Suddenly, inexplicably, Luke remembered the middle woman from the dream, the redhead, with that fiery red-gold mane cascading down over her shoulders, those sky-blue eyes and the way she had looked at him...as if he were everything...everything he actually wanted to be in his life. She’d said something to him...

I’ll take care of you.

He felt an unexpected pang...quickly forgotten as he recalled the dark one’s assets.

Luke was, above all, a practical man.

* * *

Well, all right, practical didn’t exactly describe his ’99 Chevy Cavalier, souped up with a 350 horsepower engine, but there were limits to practicality.

Luke gunned the car out of the rented garage (no way would he trust this baby to the streets of San Francisco), and raced up Ashbury, enjoying the car’s effortless climb on the nearly vertical hill and the power of the machine, like a fine horse underneath him.

He’d bought the car just for nights like these, when the city was asleep and he could have the streets almost to himself, racing the wind. He sped up over the crest of the hill and started the steep descent down toward the bay.

The buildings around him were enveloped in fog, fog and more fog; Luke could barely see through the windshield. It rolled away from the car as the high beams cut through the murk. The tops of the tallest buildings looked like UFOs, floating disembodied above the streets.

The dream faded away as he focused on the murky road and the task at hand.

The word pirates always seemed like a throwback, strangely stirring Luke’s Viking blood. But in fact, piracy was a burgeoning modern crime. Shipping container theft was rampant on the high seas—a low-risk, high-reward business that criminal elements from every country in the world seemed to be determined to get in on. Anything that could be stolen—electronics, appliances, software—was fair game. And the Port of San Francisco was a natural target.

In the past six months four major shipping lines had had container ships boarded and pillaged en route to the port. Luke’s strongest lead was that the stolen containers were somehow being unloaded and processed at the port as legitimate cargo and immediately scattered to the four winds, shipped out via trucks all over the country.
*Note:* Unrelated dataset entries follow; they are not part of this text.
lemma exp_decay_of_inward_max_coord:
  fixes y y' :: "real \<Rightarrow> 'j::finite \<Rightarrow> real" and \<kappa> C t :: real
  assumes der: "\<And>t j. 0 \<le> t \<Longrightarrow> ((\<lambda>s. y s j) has_real_derivative y' t j) (at t within {0..})"
    and inward: "\<And>t j. 0 \<le> t \<Longrightarrow> (\<forall>k. \<bar>y t k\<bar> \<le> \<bar>y t j\<bar>) \<Longrightarrow> y t j \<noteq> 0 \<Longrightarrow>
                   y t j * y' t j < - \<kappa> * (y t j)\<^sup>2"
    and init: "\<And>j. \<bar>y 0 j\<bar> < C"
    and "0 \<le> t"
  shows "\<bar>y t j\<bar> < C * exp (- \<kappa> * t)"
proof (rule ccontr)
  define B where "B t = C * exp (- \<kappa> * t)" for t
  define m where "m t = Max (range (\<lambda>k. \<bar>y t k\<bar>))" for t
  have B_pos: "0 < B t" for t
    using init[of j] by (simp add: B_def)
  have B_deriv: "(B has_real_derivative - \<kappa> * B t) (at t)" for t
    unfolding B_def by (auto intro!: derivative_eq_intros)
  have m_ge: "\<bar>y t k\<bar> \<le> m t" for t k
    unfolding m_def by (rule Max_ge) auto
  have "continuous_on {0..} (\<lambda>s. y s k)" for k
    using DERIV_continuous[OF der] by (auto simp: continuous_on_eq_continuous_within)
  then have "continuous_on {0..} (\<lambda>s. m s - B s)"
    unfolding m_def B_def by (intro continuous_intros continuous_on_Max) auto
  moreover assume "\<not> \<bar>y t j\<bar> < C * exp (- \<kappa> * t)"
  then have "0 \<le> m t - B t"
    using m_ge[of t j] by (simp add: B_def)
  moreover have "m 0 - B 0 < 0"
    unfolding m_def B_def using init by (simp add: Max_less_iff)
  ultimately obtain t0 where t0: "0 < t0" "m t0 - B t0 = 0"
    and before: "\<And>s. 0 \<le> s \<Longrightarrow> s < t0 \<Longrightarrow> m s - B s < 0"
    using continuous_on_first_root[of "\<lambda>s. m s - B s" t] \<open>0 \<le> t\<close> by blast
  have "m t0 \<in> range (\<lambda>k. \<bar>y t0 k\<bar>)"
    unfolding m_def by (rule Max_in) auto
  then obtain i where i: "\<bar>y t0 i\<bar> = B t0"
    using t0(2) by auto
  define g where "g s = (y s i)\<^sup>2 - (B s)\<^sup>2" for s
  have "((\<lambda>s. y s i) has_real_derivative y' t0 i) (at t0)"
    using der[of t0 i] at_within_interior[of t0 "{0..}"] t0(1) by simp
  then have g_deriv: "(g has_real_derivative 2 * (y t0 i * y' t0 i + \<kappa> * (B t0)\<^sup>2)) (at t0)"
    unfolding g_def by (auto intro!: derivative_eq_intros B_deriv simp: power2_eq_square algebra_simps)
  have sq: "(y t0 i)\<^sup>2 = (B t0)\<^sup>2"
    using i by (metis power2_abs)
  have "y t0 i * y' t0 i < - \<kappa> * (B t0)\<^sup>2"
    using inward[of t0 i] t0 i m_ge[of t0] B_pos[of t0] sq by force
  then obtain h0 where "0 < h0" and h0: "\<And>h. 0 < h \<Longrightarrow> h < h0 \<Longrightarrow> g t0 < g (t0 - h)"
    using DERIV_neg_dec_left[OF g_deriv] by force
  have g_neg: "g s < 0" if "0 \<le> s" "s < t0" for s
  proof -
    have "\<bar>y s i\<bar> < B s"
      using before[OF that] m_ge[of s i] by linarith
    then have "\<bar>y s i\<bar>\<^sup>2 < (B s)\<^sup>2"
      by (intro power_strict_mono) auto
    then show ?thesis
      by (simp add: g_def)
  qed
  define h where "h = min h0 t0 / 2"
  have "0 < h" "h < h0" "h \<le> t0"
    using \<open>0 < h0\<close> t0(1) by (auto simp: h_def)
  then have "0 < g (t0 - h)"
    using h0[of h] sq by (simp add: g_def)
  moreover have "g (t0 - h) < 0"
    using g_neg \<open>0 < h\<close> \<open>h \<le> t0\<close> by simp
  ultimately show False
    by simp
qed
He just had to find out how.

He had a feeling that he was about to crack the case wide open and that it was his ticket to...a lot. His personal plan was to nail the piracy ring to the wall and write that ticket: lieutenant, task force chief. It was time for him to be moving upward and onward; his superiors knew it and he knew it. It was just this propensity he had for...

Not trouble, no, not that.

Recklessness—no, he wouldn’t say that, either.

He just never had seen the point in not charging ahead, when he had his facts straight and his suspects lined up. His grandmother had had a quaint saying to explain the trouble Luke got into: You have a bad Norn. The Scandinavian equivalent of saying he had a wayward guardian angel. How many times had he heard it growing up?

Luke frowned, surprised at his own train of thought. Now where on earth did that come from?

He had enough to concentrate on without getting distracted by a fairy tale.

He shifted gears to head down the next hill, then reached for the phone and autodialed his lieutenant again. Still just voice mail. Luke shook his head and called dispatch. “This is Detective Mars. I need to reach Lieutenant Duncan, it’s urgent.”

He disconnected as the dispatcher assured him he’d find Duncan, and tried Pepper. Nothing there, either.